[Input material]
=-=-=
lemma in_P_with_measurable_nn_integral:
  assumes "in_P_with P Sg" and f[measurable]: "f \<in> borel_measurable borel"
  shows "(\<lambda>\<omega>. \<integral>\<^sup>+s. f (Sg s \<omega>) \<partial>restrict_space lborel {0..1}) \<in> borel_measurable P"
proof (rule sigma_finite_measure.borel_measurable_nn_integral)
  show "sigma_finite_measure (restrict_space lborel {0..1::real})"
    by (rule sigma_finite_measure_restrict_space) (simp_all add: lborel.sigma_finite_measure_axioms)
  have "(\<lambda>(\<omega>, s). Sg s \<omega>) \<in> borel_measurable (P \<Otimes>\<^sub>M restrict_space lborel {0..1})"
    using in_P_with_measurable_joint[OF assms(1)]
    by (subst measurable_pair_swap_iff) (simp add: case_prod_beta)
  from measurable_compose[OF this f]
  show "(\<lambda>(\<omega>, s). f (Sg s \<omega>)) \<in> borel_measurable (P \<Otimes>\<^sub>M restrict_space lborel {0..1})"
    by (simp add: case_prod_beta)
qed

lemma in_P_with_measurable_int_cov:
  assumes "in_P_with P Sg" "t \<in> {0..1}"
  shows "(\<lambda>\<omega>. int_cov Sg t \<omega>) \<in> borel_measurable P"
proof -
  have "int_cov Sg t \<omega> = (\<integral>s. indicator {0..t} s *\<^sub>R Sg s \<omega> \<partial>restrict_space lborel {0..1})" for \<omega>
  proof -
    have "(\<integral>s. indicator {0..t} s *\<^sub>R Sg s \<omega> \<partial>restrict_space lborel {0..1})
        = (LBINT s. indicator {0..1} s *\<^sub>R (indicator {0..t} s *\<^sub>R Sg s \<omega>))"
      by (subst integral_restrict_space) auto
    also have "(\<lambda>s. indicator {0..1} s *\<^sub>R (indicator {0..t} s *\<^sub>R Sg s \<omega>)) = (\<lambda>s. indicator {0..t} s *\<^sub>R Sg s \<omega>)"
      using assms(2) by (auto simp: indicator_def)
    finally show ?thesis
      by (simp add: int_cov_def set_lebesgue_integral_def)
  qed
  moreover have "(\<lambda>\<omega>. \<integral>s. indicator {0..t} s *\<^sub>R Sg s \<omega> \<partial>restrict_space lborel {0..1}) \<in> borel_measurable P"
  proof (rule sigma_finite_measure.borel_measurable_lebesgue_integral)
    show "sigma_finite_measure (restrict_space lborel {0..1::real})"
      by (rule sigma_finite_measure_restrict_space) (simp_all add: lborel.sigma_finite_measure_axioms)
    have Sg: "(\<lambda>(\<omega>, s). Sg s \<omega>) \<in> borel_measurable (P \<Otimes>\<^sub>M restrict_space lborel {0..1})"
      using in_P_with_measurable_joint[OF assms(1)]
      by (subst measurable_pair_swap_iff) (simp add: case_prod_beta)
    have "(indicator {0..t} :: real \<Rightarrow> real) \<in> borel_measurable (restrict_space lborel {0..1})"
      by (rule measurable_restrict_space1) simp
    from measurable_compose[OF measurable_snd[of P] this]
    have "(\<lambda>(\<omega>, s). indicator {0..t} s :: real) \<in> borel_measurable (P \<Otimes>\<^sub>M restrict_space lborel {0..1})"
      by (simp add: case_prod_beta)
    from borel_measurable_scaleR[OF this Sg]
    show "(\<lambda>(\<omega>, s). indicator {0..t} s *\<^sub>R Sg s \<omega>) \<in> borel_measurable (P \<Otimes>\<^sub>M restrict_space lborel {0..1})"
      by (simp add: case_prod_beta)
  qed
  ultimately show ?thesis
    by simp
qed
=-=-=
[Action item] Return every line of the material exactly.

[Reply to the exercise]
lemma in_P_with_measurable_nn_integral:
  assumes "in_P_with P Sg" and f[measurable]: "f \<in> borel_measurable borel"
  shows "(\<lambda>\<omega>. \<integral>\<^sup>+s. f (Sg s \<omega>) \<partial>restrict_space lborel {0..1}) \<in> borel_measurable P"
proof (rule sigma_finite_measure.borel_measurable_nn_integral)
  show "sigma_finite_measure (restrict_space lborel {0..1::real})"
    by (rule sigma_finite_measure_restrict_space) (simp_all add: lborel.sigma_finite_measure_axioms)
  have "(\<lambda>(\<omega>, s). Sg s \<omega>) \<in> borel_measurable (P \<Otimes>\<^sub>M restrict_space lborel {0..1})"
    using in_P_with_measurable_joint[OF assms(1)]
    by (subst measurable_pair_swap_iff) (simp add: case_prod_beta)
  from measurable_compose[OF this f]
  show "(\<lambda>(\<omega>, s). f (Sg s \<omega>)) \<in> borel_measurable (P \<Otimes>\<^sub>M restrict_space lborel {0..1})"
    by (simp add: case_prod_beta)
qed

lemma in_P_with_measurable_int_cov:
  assumes "in_P_with P Sg" "t \<in> {0..1}"
  shows "(\<lambda>\<omega>. int_cov Sg t \<omega>) \<in> borel_measurable P"
proof -
  have "int_cov Sg t \<omega> = (\<integral>s. indicator {0..t} s *\<^sub>R Sg s \<omega> \<partial>restrict_space lborel {0..1})" for \<omega>
  proof -
    have "(\<integral>s. indicator {0..t} s *\<^sub>R Sg s \<omega> \<partial>restrict_space lborel {0..1})
        = (LBINT s. indicator {0..1} s *\<^sub>R (indicator {0..t} s *\<^sub>R Sg s \<omega>))"
      by (subst integral_restrict_space) auto
    also have "(\<lambda>s. indicator {0..1} s *\<^sub>R (indicator {0..t} s *\<^sub>R Sg s \<omega>)) = (\<lambda>s. indicator {0..t} s *\<^sub>R Sg s \<omega>)"
      using assms(2) by (auto simp: indicator_def)
    finally show ?thesis
      by (simp add: int_cov_def set_lebesgue_integral_def)
  qed
  moreover have "(\<lambda>\<omega>. \<integral>s. indicator {0..t} s *\<^sub>R Sg s \<omega> \<partial>restrict_space lborel {0..1}) \<in> borel_measurable P"
  proof (rule sigma_finite_measure.borel_measurable_lebesgue_integral)
    show "sigma_finite_measure (restrict_space lborel {0..1::real})"
      by (rule sigma_finite_measure_restrict_space) (simp_all add: lborel.sigma_finite_measure_axioms)
    have Sg: "(\<lambda>(\<omega>, s). Sg s \<omega>) \<in> borel_measurable (P \<Otimes>\<^sub>M restrict_space lborel {0..1})"
      using in_P_with_measurable_joint[OF assms(1)]
      by (subst measurable_pair_swap_iff) (simp add: case_prod_beta)
    have "(indicator {0..t} :: real \<Rightarrow> real) \<in> borel_measurable (restrict_space lborel {0..1})"
      by (rule measurable_restrict_space1) simp
    from measurable_compose[OF measurable_snd[of P] this]
    have "(\<lambda>(\<omega>, s). indicator {0..t} s :: real) \<in> borel_measurable (P \<Otimes>\<^sub>M restrict_space lborel {0..1})"
      by (simp add: case_prod_beta)
    from borel_measurable_scaleR[OF this Sg]
    show "(\<lambda>(\<omega>, s). indicator {0..t} s *\<^sub>R Sg s \<omega>) \<in> borel_measurable (P \<Otimes>\<^sub>M restrict_space lborel {0..1})"
      by (simp add: case_prod_beta)
  qed
  ultimately show ?thesis
    by simp
qed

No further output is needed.